Instructions to follow: Every line of the records that holds the word "coeffs" should be copied.

Input data:
text \<open>Transposing i and j negates the Vandermonde polynomial, hence (by the identity theorem
  umbral_eval_eq_if_powers_eq) every umbral evaluation of its expansion; but it fixes a when
  a i = a j.\<close>
lemma umbral_eval_vandermonde_terms_eq_0:
  fixes a :: "nat \<Rightarrow> nat \<Rightarrow> 'a::{idom,real_normed_div_algebra}"
  assumes "i \<in> {1..r}" "j \<in> {1..r}" "i \<noteq> j" "a i = a j"
  shows "umbral_eval {1..r} a (diff_prod_terms (pairs_list r)) = 0"
proof -
  let ?I = "{1..r}" and ?L = "diff_prod_terms (pairs_list r)" and ?\<tau> = "Transposition.transpose i j"
  let ?M = "map (\<lambda>(c, k). (c, k \<circ> ?\<tau>)) ?L"
  have powers: "umbral_eval ?I (\<lambda>l m. z l ^ m) ?L = vandermonde r z" for z :: "nat \<Rightarrow> 'a"
    using umbral_eval_powers_diff_prod_terms[of ?I "pairs_list r" z]
    by (simp add: set_pairs_list prod_list_pairs_list subset_iff)
  have "umbral_eval ?I (\<lambda>l m. z l ^ m) ?M = umbral_eval ?I (\<lambda>l m. z l ^ m) (neg_terms ?L)"
    for z :: "nat \<Rightarrow> 'a"
  proof -
    have "umbral_eval ?I (\<lambda>l m. z l ^ m) ?M = umbral_eval ?I (\<lambda>l m. (z \<circ> ?\<tau>) l ^ m) ?L"
      using umbral_eval_transpose[OF assms(1,2), of "\<lambda>l m. z l ^ m" ?L] by (simp add: comp_def)
    also have "\<dots> = - vandermonde r z"
      by (simp only: powers vandermonde_transpose[OF assms(1-3)])
    finally show ?thesis by (simp only: powers umbral_eval_neg_terms)
  qed
  then have "umbral_eval ?I a ?M = - umbral_eval ?I a ?L"
    using umbral_eval_eq_if_powers_eq[of ?I ?M "neg_terms ?L" a] by simp
  moreover have "a \<circ> ?\<tau> = a"
    using assms(4) by (auto simp: fun_eq_iff Transposition.transpose_def)
  then have "umbral_eval ?I a ?L = umbral_eval ?I a ?M"
    using umbral_eval_transpose[OF assms(1,2), of a ?L] by simp
  ultimately show ?thesis by simp
qed

section \<open>Replacing powers by monic polynomials\<close>

lemma sum_lessThan_card_le_sum:
  fixes S :: "nat set"
  assumes "finite S"
  shows "(\<Sum>i<card S. i) \<le> \<Sum>S"
  using assms
proof (induction "card S" arbitrary: S)
  case (Suc n)
  define M where "M = Max S"
  have "S \<noteq> {}" using Suc.hyps by auto
  then have "M \<in> S" using Suc.prems by (simp add: M_def)
  have "S \<subseteq> {..M}"
    using Suc.prems by (auto simp: M_def)
  then have "card S \<le> Suc M"
    using card_mono[OF finite_atMost] by fastforce
  moreover have "card (S - {M}) = n"
    using Suc.hyps(2) \<open>M \<in> S\<close> Suc.prems by simp
  then have "(\<Sum>i<n. i) \<le> \<Sum>(S - {M})"
    using Suc.hyps(1)[of "S - {M}"] Suc.prems by simp
  moreover have "\<Sum>S = M + \<Sum>(S - {M})"
    using sum.remove[OF Suc.prems \<open>M \<in> S\<close>, of id] by simp
  ultimately show ?case using Suc.hyps(2)[symmetric] by simp
qed simp

lemma sum_lessThan_card_le_sum_inj:
  fixes f :: "'a \<Rightarrow> nat"
  assumes "finite I" "inj_on f I"
  shows "(\<Sum>i<card I. i) \<le> (\<Sum>i\<in>I. f i)"
  using sum_lessThan_card_le_sum[of "f ` I"] assms
  by (simp add: card_image sum.reindex)

lemma umbral_eval_poly_expand:
  fixes p :: "nat \<Rightarrow> 'a::comm_ring_1 poly"
  assumes "finite I" "\<And>m. degree (p m) \<le> m" "\<forall>(c, k)\<in>set L. \<forall>i\<in>I. k i \<le> N"
  shows "umbral_eval I (\<lambda>i m. poly (p m) (u i)) L
       = (\<Sum>f\<in>I \<rightarrow>\<^sub>E {..N}. (\<Prod>i\<in>I. u i ^ f i) * umbral_eval I (\<lambda>i m. coeff (p m) (f i)) L)"
  using assms(3)
proof (induction L)
  case (Cons q L)
  obtain c k where q: "q = (c, k)" by fastforce
  have "poly (p (k i)) (u i) = (\<Sum>l\<le>N. coeff (p (k i)) l * u i ^ l)" if "i \<in> I" for i
    using Cons.prems that q assms(2)[of "k i"]
    by (auto simp: poly_altdef intro!: sum.mono_neutral_left) (metis le_degree mult_not_zero)
  then have "c * (\<Prod>i\<in>I. poly (p (k i)) (u i))
      = c * (\<Sum>f\<in>I \<rightarrow>\<^sub>E {..N}. \<Prod>i\<in>I. coeff (p (k i)) (f i) * u i ^ f i)"
    using assms(1) by (simp add: prod_sum_PiE cong: prod.cong)
  also have "\<dots> = (\<Sum>f\<in>I \<rightarrow>\<^sub>E {..N}. (\<Prod>i\<in>I. u i ^ f i) * (c * (\<Prod>i\<in>I. coeff (p (k i)) (f i))))"
    by (simp add: sum_distrib_left prod.distrib algebra_simps)
  finally show ?case using Cons q by (simp add: sum.distrib algebra_simps)
qed simp

lemma umbral_eval_coeff_monic:
  fixes p :: "nat \<Rightarrow> 'a::comm_ring_1 poly"
  assumes "finite I"
    and hom: "\<And>c k. (c, k) \<in> set L \<Longrightarrow> (\<Sum>i\<in>I. k i) = N"
    and inj_bound: "\<And>f. inj_on f I \<Longrightarrow> N \<le> (\<Sum>i\<in>I. f i)"
    and alt: "\<And>a i j. i \<in> I \<Longrightarrow> j \<in> I \<Longrightarrow> i \<noteq> j \<Longrightarrow> a i = a j \<Longrightarrow> umbral_eval I a L = 0"
    and deg: "\<And>m. degree (p m) \<le> m" and lead: "\<And>m. coeff (p m) m = 1"
  shows "umbral_eval I (\<lambda>i m. coeff (p m) (f i)) L = umbral_eval I (\<lambda>i m. coeff (monom 1 m) (f i)) L"
proof (cases "inj_on f I")
  case True
  show ?thesis
  proof (rule umbral_eval_cong_monomials)
    fix c k assume ck: "(c, k) \<in> set L"
    show "(\<Prod>i\<in>I. coeff (p (k i)) (f i)) = (\<Prod>i\<in>I. coeff (monom 1 (k i)) (f i))"
    proof (cases "\<forall>i\<in>I. f i \<le> k i")
      case True
      have "\<forall>i\<in>I. f i = k i"
      proof (rule ccontr)
        assume "\<not> (\<forall>i\<in>I. f i = k i)"
        with True obtain i where "i \<in> I" "f i < k i" by (meson le_neq_implies_less)
        with True have "(\<Sum>i\<in>I. f i) < (\<Sum>i\<in>I. k i)"
          using sum_strict_mono_ex1[OF \<open>finite I\<close>] by blast
        with hom[OF ck] inj_bound[OF \<open>inj_on f I\<close>] show False by simp
      qed
      then show ?thesis by (simp add: lead)
    next
      case False
      then obtain i where "i \<in> I" "k i < f i" by (auto simp: not_le)
      moreover have "coeff (p (k i)) (f i) = 0"
        using \<open>k i < f i\<close> deg[of "k i"] by (intro coeff_eq_0) simp
      ultimately show ?thesis
        using \<open>finite I\<close> by (metis (no_types, lifting) coeff_monom less_irrefl prod_zero)
    qed
  qed
next
  case False
  then obtain i j where "i \<in> I" "j \<in> I" "i \<noteq> j" "f i = f j" by (auto simp: inj_on_def)
  then show ?thesis by (simp add: alt)
qed

lemma umbral_eval_monic_eq_powers:
  fixes p :: "nat \<Rightarrow> 'a::comm_ring_1 poly"
  assumes "finite I"
    and hom: "\<And>c k. (c, k) \<in> set L \<Longrightarrow> (\<Sum>i\<in>I. k i) = N"
    and inj_bound: "\<And>f. inj_on f I \<Longrightarrow> N \<le> (\<Sum>i\<in>I. f i)"
    and alt: "\<And>a i j. i \<in> I \<Longrightarrow> j \<in> I \<Longrightarrow> i \<noteq> j \<Longrightarrow> a i = a j \<Longrightarrow> umbral_eval I a L = 0"
    and deg: "\<And>m. degree (p m) \<le> m" and lead: "\<And>m. coeff (p m) m = 1"
  shows "umbral_eval I (\<lambda>i m. poly (p m) (u i)) L = umbral_eval I (\<lambda>i m. u i ^ m) L"
proof -
  have bound: "\<forall>(c, k)\<in>set L. \<forall>i\<in>I. k i \<le> N"
    using member_le_sum[of _ I] hom \<open>finite I\<close> by fastforce
  have coeffs: "umbral_eval I (\<lambda>i m. coeff (p m) (f i)) L = umbral_eval I (\<lambda>i m. coeff (monom 1 m) (f i)) L"
    for f by (rule umbral_eval_coeff_monic[OF assms])
  have "umbral_eval I (\<lambda>i m. u i ^ m) L = umbral_eval I (\<lambda>i m. poly (monom 1 m) (u i)) L"
    by (simp add: poly_monom)
  then show ?thesis
    using umbral_eval_poly_expand[where L=L and N=N and p=p, OF \<open>finite I\<close> deg bound, of u]
      umbral_eval_poly_expand[where L=L and N=N and p="\<lambda>m. monom 1 m", OF \<open>finite I\<close> _ bound, of u]
    by (simp add: coeffs degree_monom_le)
qed

section \<open>Euler operators on exponentials\<close>

text \<open>Touchard polynomials: (x d/dx)^m exp x = T_m(x) exp x.\<close>
fun touchard :: "nat \<Rightarrow> 'a::idom poly" where
  "touchard 0 = 1"
| "touchard (Suc m) = pCons 0 (touchard m + pderiv (touchard m))"

lemma degree_touchard: "degree (touchard m :: 'a::idom poly) \<le> m"
  and coeff_touchard_self: "coeff (touchard m :: 'a poly) m = 1"
proof (induction m)
  case (Suc m)
  have "degree (pderiv (touchard m :: 'a poly)) \<le> m"
    using Suc by (intro degree_le) (auto simp: coeff_pderiv intro!: disjI2 coeff_eq_0)
  then have "degree (touchard m + pderiv (touchard m :: 'a poly)) \<le> m"
    using Suc by (intro degree_add_le) auto
  moreover have "coeff (touchard m + pderiv (touchard m :: 'a poly)) m = 1"
    using Suc by (simp add: coeff_pderiv coeff_eq_0)
  ultimately show "degree (touchard (Suc m) :: 'a poly) \<le> Suc m"
    and "coeff (touchard (Suc m) :: 'a poly) (Suc m) = 1"
    by (auto intro: order.trans[OF degree_pCons_le])
qed simp_all

lemma has_field_derivative_exp_touchard:
  "((\<lambda>z. exp (a * z) * poly (touchard m) (a * z)) has_field_derivative
      a * exp (a * z) * poly (touchard m + pderiv (touchard m)) (a * z)) (at z)"
proof -
  have "((\<lambda>z. poly (touchard m) (a * z)) has_field_derivative poly (pderiv (touchard m)) (a * z) * a) (at z)"
    by (rule DERIV_chain2[OF poly_DERIV]) (auto intro!: derivative_eq_intros)
  then show ?thesis
    by (auto intro!: derivative_eq_intros simp: algebra_simps)
qed

lemma umbral_eval_has_field_derivative:
  assumes "finite I" "j \<in> I" "\<And>m. (h j m has_field_derivative h' m x) (at x)"
  shows "((\<lambda>y. umbral_eval I (\<lambda>i m. h i m ((t(j := y)) i)) L) has_field_derivative
           umbral_eval I ((\<lambda>i m. h i m (t i))(j := \<lambda>m. h' m x)) L) (at x)"
proof (induction L)
  case (Cons p L)
  obtain c k where p: "p = (c, k)" by fastforce
  define rest where "rest = (\<Prod>i\<in>I-{j}. h i (k i) (t i))"
  have "(\<Prod>i\<in>I. h i (k i) ((t(j := y)) i)) = h j (k j) y * rest" for y
    unfolding rest_def by (subst prod.remove[OF assms(1,2)]) (auto intro!: prod.cong)
  moreover have "(\<Prod>i\<in>I. ((\<lambda>i m. h i m (t i))(j := \<lambda>m. h' m x)) i (k i)) = h' (k j) x * rest"
    unfolding rest_def by (subst prod.remove[OF assms(1,2)]) (auto intro!: prod.cong)
  moreover have "((\<lambda>y. c * (h j (k j) y * rest)) has_field_derivative c * (h' (k j) x * rest)) (at x)"
    by (intro DERIV_cmult DERIV_cmult_right assms(3))
  ultimately show ?case
    unfolding p umbral_eval_Cons by (intro DERIV_add Cons.IH) simp_all
qed simp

Solution to this problem:
  have coeffs: "umbral_eval I (\<lambda>i m. coeff (p m) (f i)) L = umbral_eval I (\<lambda>i m. coeff (monom 1 m) (f i)) L"
    by (simp add: coeffs degree_monom_le)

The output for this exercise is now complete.